A new study appearing in the Journal of the American Medical Association finds that genetic variants may not affect whether someone responds to a particular weight loss approach.

These findings, Stat News notes, could put a damper on companies that say they can link people to the diet that's best for them based on their genetics. Interleukin Genetics, for instance, offered a gene-based weight management program, though Orig3n recently purchased much of its assets.

Researchers from Stanford University Medical School enrolled 609 overweight adults in to the Diet Intervention Examining The Factors Interacting with Treatment Success (DIETFITS) trial and randomized them to follow either a healthy low-fat diet or a healthy low-carbohydrate diet. After 12 months, there was no significant difference in weight loss between the groups.

The Stanford team also tested whether SNPs in certain genes previously linked to fat and carbohydrate metabolism could identify patients who would respond better to either of the diet types. But again, the researchers found no evidence that those genotype patterns influenced patients' responses to the different diets.

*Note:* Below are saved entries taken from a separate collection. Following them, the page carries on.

definition rels :: "nat \<Rightarrow> (nat \<Rightarrow> int) \<Rightarrow> (nat \<Rightarrow> int) \<Rightarrow> FA set" where
  "rels n dp dm =
     {gen g | g. \<not> valid_gen n dp dm g}
   \<union> {gen (GPhi b i k) \<odot> gen (GPhi b' j l) - gen (GPhi b' j l) \<odot> gen (GPhi b i k)
       | b b' i j k l. 1 \<le> i \<and> i \<le> n \<and> 1 \<le> j \<and> j \<le> n}
   \<union> {gen (GPhi b i (dd dp dm b i)) \<odot> gen (GPhiInv b i) - fone | b i. 1 \<le> i \<and> i \<le> n}
   \<union> {gen (GPhiInv b i) \<odot> gen (GPhi b i (dd dp dm b i)) - fone | b i. 1 \<le> i \<and> i \<le> n}
   \<union> {EE i r \<odot> FF j s - FF j s \<odot> EE i r
        - (if i = j then sc (qv - inverse qv) \<odot> Hc dp dm i (r + s) else 0)
       | i j r s. 1 \<le> i \<and> i < n \<and> 1 \<le> j \<and> j < n}
   \<union> {brel4 (cU2 i j) (phiz dp dm b i) (EE j) k l
       | b i j k l. 1 \<le> i \<and> i \<le> n \<and> 1 \<le> j \<and> j < n}
   \<union> {brel4 (cU3 i j) (phiz dp dm b i) (FF j) k l
       | b i j k l. 1 \<le> i \<and> i \<le> n \<and> 1 \<le> j \<and> j < n}
   \<union> {brel4 (cU4 i j) (EE i) (EE j) k l
       | i j k l. 1 \<le> i \<and> i < n \<and> 1 \<le> j \<and> j < n}
   \<union> {brel4 (cU5 i j) (FF i) (FF j) k l
       | i j k l. 1 \<le> i \<and> i < n \<and> 1 \<le> j \<and> j < n}
   \<union> {serre (EE i r1) (EE i r2) (EE j s) + serre (EE i r2) (EE i r1) (EE j s)
       | i j r1 r2 s. 1 \<le> i \<and> i < n \<and> 1 \<le> j \<and> j < n \<and> (i = j + 1 \<or> j = i + 1)}
   \<union> {serre (FF i r1) (FF i r2) (FF j s) + serre (FF i r2) (FF i r1) (FF j s)
       | i j r1 r2 s. 1 \<le> i \<and> i < n \<and> 1 \<le> j \<and> j < n \<and> (i = j + 1 \<or> j = i + 1)}"

definition alpha_cw :: "nat \<Rightarrow> (nat \<Rightarrow> int) \<Rightarrow> int" where
  "alpha_cw i \<mu> = \<mu> i - \<mu> (i + 1)"

fun shift_gen :: "(nat \<Rightarrow> int) \<Rightarrow> (nat \<Rightarrow> int) \<Rightarrow> (nat \<Rightarrow> int) \<Rightarrow> (nat \<Rightarrow> int) \<Rightarrow> gen \<Rightarrow> gen" where
  "shift_gen mp1 mm1 mp2 mm2 (GPhi True i s) = GPhi True i (s - (mp1 i - mp2 i))"
| "shift_gen mp1 mm1 mp2 mm2 (GPhi False i s) = GPhi False i (s - (mm1 i - mm2 i))"
| "shift_gen mp1 mm1 mp2 mm2 g = g"

end

theory Submission
  imports Defs
begin

(* The assignment permutes the generators: it only re-indexes the coefficients of phi^+-_i, and the
   opposite shift undoes it. A permutation of the generators extends to an automorphism of the free
   algebra, so it suffices that it maps every defining relation for (mu1+, mu1-) to a defining
   relation for (mu2+, mu2-), and conversely. The truncation conditions s >= d_i and the
   invertibility relations move along with the shift; in (U2) and (U3) the shift is absorbed by
   re-indexing the power of z; and the coefficients of phi_i(z)^-1 phi_(i+1)(z) in (U1) depend on
   the weight only through d_i - d_(i+1) = alpha_i(mu), which is the same for mu1 and mu2. *)

lemma fmul_single_single:
  "Poly_Mapping.single a x \<odot> Poly_Mapping.single b y = Poly_Mapping.single (a @ b) (x * y)"
  by (cases "x = 0"; cases "y = 0") (simp_all add: fmul_def)

lemma lookup_fmul:
  "Poly_Mapping.lookup (p \<odot> q) w =
     (\<Sum>a\<in>Poly_Mapping.keys p. \<Sum>b\<in>Poly_Mapping.keys q.
        if a @ b = w then Poly_Mapping.lookup p a * Poly_Mapping.lookup q b else 0)"
  by (simp add: fmul_def lookup_sum lookup_single when_def)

A previous, though smaller, study from the same Stanford team did find, though, that people who were placed on diets that aligned to their genotypes lost weight. But as GenomeWeb's Turna Ray reported in November, those results were not published, as replication in a larger cohort — such as this new study — was needed.

"We know weight loss is tough and sustained weight loss is even tougher. Genetics are relevant … [but] it seems highly unlikely that providing genetic risk information is going to be the magical formula that is going to fix this complex problem," the University of Alberta's Timothy Caulfield tells Stat News.